The award for the second-oldest pizza parlor in the Valley goes to Tony’s Pizzeria in Kingston, and this one touches a little bit closer to home. My cousins — first Sparky and then Charlie and Sal Greco — operated it for decades.
Tony Saccoman opened the restaurant in 1937, when most people in Kingston did not know what pizza was. He introduced it to the area by giving free slices to his first customers, many of whom were passengers and workers at the nearby Kingston train station. From then on, business boomed and Tony’s became the neighborhood place to be. My grandfather, Frank Grimaldi, recalls getting his first-ever slice of pizza there. “My father took me in when I was probably eight or nine,” he tells me. “The Saccomans were almost like family to our cousins the Grecos. Even after Tony sold the restaurant to them, he had his own table every night. That’s how highly they thought of him.”
Tony’s flourished because it catered to all age groups. “The old Italian guys used to sit and smoke at the bar, and the high school kids who packed the fancy dining room — it was fancy because it had a few pictures on the walls — always got a kick out of them,” my grandfather recalls.
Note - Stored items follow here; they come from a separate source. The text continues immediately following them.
lemma gamma_coeff_bump:
  assumes "s \<in> {2..d}" "t \<in> {2..n}"
  shows "of_nat (Suc (g s t)) * gamma_coeff a d n c (bump g s t) = a t s * gamma_coeff a d n c g"
proof -
  let ?P = "\<lambda>g. \<Prod>x=2..d. \<Prod>j=2..n. a j x ^ g x j"
  let ?F = "\<lambda>g. \<Prod>x=2..d. \<Prod>j=2..n. fact (g x j) :: 'a"
  have "?P (bump g s t) = (\<Prod>x=2..d. \<Prod>j=2..n. a j x ^ g x j * (if x = s \<and> j = t then a t s else 1))"
    by (intro prod.cong refl) (auto simp: bump_def)
  also have "\<dots> = ?P g * a t s"
    using assms by (simp add: prod.distrib prod_prod_delta)
  finally have P: "?P (bump g s t) = ?P g * a t s" .
  have "?F (bump g s t)
      = (\<Prod>x=2..d. \<Prod>j=2..n. fact (g x j) * (if x = s \<and> j = t then of_nat (Suc (g s t)) else 1))"
    by (intro prod.cong refl) (auto simp: bump_def algebra_simps)
  also have "\<dots> = ?F g * of_nat (Suc (g s t))"
    using assms by (simp add: prod.distrib prod_prod_delta)
  finally have F: "?F (bump g s t) = ?F g * of_nat (Suc (g s t))" .
  have "?F g \<noteq> 0" by (simp add: prod_zero_iff)
  then show ?thesis
    unfolding gamma_coeff_def P F by (simp add: field_simps del: of_nat_Suc)
qed
lemma mono_mult_at_sum: "mono_mult n \<Theta> \<alpha> \<beta> (\<lambda>p. \<alpha> p + \<beta> p) = 1"
proof -
  let ?b = "\<lambda>m. if m \<in> {1..n} then min (\<alpha> (2*m)) (\<beta> (2*m-1)) else 0"
  have fin: "finite {k. \<forall>m. k m \<le> ?b m}"
    by (rule finite_funs_le, rule finite_subset[of _ "{1..n}"]) auto
  have shifted: "(\<lambda>p. \<alpha> p + \<beta> p) \<noteq> (\<lambda>p. \<alpha> p + \<beta> p - k ((p+1) div 2))"
    if "\<forall>m. k m \<le> ?b m" and "k \<noteq> (\<lambda>_. 0)" for k
  proof -
    obtain m where "k m \<noteq> 0" using \<open>k \<noteq> (\<lambda>_. 0)\<close> by auto
    moreover have "k m \<le> \<alpha> (2*m)" and "(2*m+1) div 2 = m"
      using that(1) \<open>k m \<noteq> 0\<close> by (auto simp: le_fun_def split: if_splits dest!: spec[of _ m])
    ultimately have "\<alpha> (2*m) + \<beta> (2*m) - k ((2*m+1) div 2) \<noteq> \<alpha> (2*m) + \<beta> (2*m)"
      by simp
    then show ?thesis by metis
  qed
  show ?thesis
    unfolding mono_mult_def by (rule trans[OF sum_eq_single[OF fin, where a = "\<lambda>_. 0"]]) (use shifted in auto)
qed

lemma mono_mult_zero_zero: "mono_mult n \<Theta> (\<lambda>_. 0) (\<lambda>_. 0) = nc_one"
proof -
  have "{k :: nat \<Rightarrow> nat. \<forall>m. k m \<le> (if m \<in> {1..n} then min 0 0 else 0)} = {\<lambda>_. 0}"
    by auto
  then show ?thesis
    unfolding mono_mult_def nc_one_def by (simp add: fun_eq_iff)
qed

lemma nc_carrier_finite_support: "f \<in> nc_carrier n \<Longrightarrow> finite {\<alpha>. f \<alpha> \<noteq> 0}"
  unfolding nc_carrier_def by simp

lemma nc_star_nonzero_le:
  assumes "nc_star n \<Theta> f \<gamma> \<noteq> 0"
  obtains \<alpha> where "f \<alpha> \<noteq> 0" and "\<gamma> \<le> \<alpha>"
proof -
  let ?ev = "\<lambda>\<alpha> p. if even p then \<alpha> p else (0::nat)"
  let ?od = "\<lambda>\<alpha> p. if odd p then \<alpha> p else (0::nat)"
  obtain \<alpha> where "f \<alpha> \<noteq> 0" and "cnj (f \<alpha>) * mono_mult n \<Theta> (?ev \<alpha>) (?od \<alpha>) \<gamma> \<noteq> 0"
    using assms unfolding nc_star_def by (rule sum.not_neutral_contains_not_neutral) simp
  moreover have "(\<lambda>p. ?ev \<alpha> p + ?od \<alpha> p) = \<alpha>"
    by auto
  ultimately have "\<gamma> \<le> \<alpha>"
    using mono_mult_nonzero_le[of n \<Theta> "?ev \<alpha>" "?od \<alpha>" \<gamma>] by simp
  with \<open>f \<alpha> \<noteq> 0\<close> show ?thesis
    by (rule that)
qed

lemma finite_support_nc_star:
  assumes "f \<in> nc_carrier n"
  shows "finite {\<gamma>. nc_star n \<Theta> f \<gamma> \<noteq> 0}"
proof (rule finite_subset)
  show "{\<gamma>. nc_star n \<Theta> f \<gamma> \<noteq> 0} \<subseteq> (\<Union>\<alpha>\<in>{\<alpha>. f \<alpha> \<noteq> 0}. {\<gamma>. \<forall>p. \<gamma> p \<le> \<alpha> p})"
  proof
    fix \<gamma>
    assume "\<gamma> \<in> {\<gamma>. nc_star n \<Theta> f \<gamma> \<noteq> 0}"
    then obtain \<alpha> where "f \<alpha> \<noteq> 0" and "\<gamma> \<le> \<alpha>"
      by (blast elim: nc_star_nonzero_le)
    then show "\<gamma> \<in> (\<Union>\<alpha>\<in>{\<alpha>. f \<alpha> \<noteq> 0}. {\<gamma>. \<forall>p. \<gamma> p \<le> \<alpha> p})"
      by (auto simp: le_fun_def)
  qed
  have "finite {p. \<alpha> p \<noteq> 0}" if "f \<alpha> \<noteq> 0" for \<alpha>
    using assms that unfolding nc_carrier_def by (auto intro: finite_subset[of _ "{1..2*n}"])
  then show "finite (\<Union>\<alpha>\<in>{\<alpha>. f \<alpha> \<noteq> 0}. {\<gamma>. \<forall>p. \<gamma> p \<le> \<alpha> p})"
    by (intro finite_UN_I nc_carrier_finite_support[OF assms] finite_funs_le) auto
qed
My grandmother Rosemary concurs. “The Kingston High School kids were always there after every game,” she says. “I became a pizza maniac when I was 15 and had my first slice there.” (My grandfather wants to be sure I know that he was the one to take her there that day.)
When the year 1951 rolled around, Charlie and Sal Greco bought the pizzeria and led it for the next 36 years. My mother Cynthia remembers going there every weekend when she was growing up in the ’60s and ’70s, feeling much the same way my grandparents did about the place. “Going to Tony’s was like eating in your own kitchen with a lot of friends — but without the mess,” she says.
In 1987, the Greco brothers hung up their hats. Chris Farrell took over in the 1990s but eventually shut it down for an extended period. Just about a year ago, after sprucing up the interior, Farrell’s daughter Nealey and her fiancé, Dylan Kennedy, reopened the restaurant. Farrell says they are striving to bring back the greatness Tony’s once enjoyed. “We’re using the same recipe the original owners used, and kept the original bar,” she says. “People say they feel like they’ve been transported back in time.”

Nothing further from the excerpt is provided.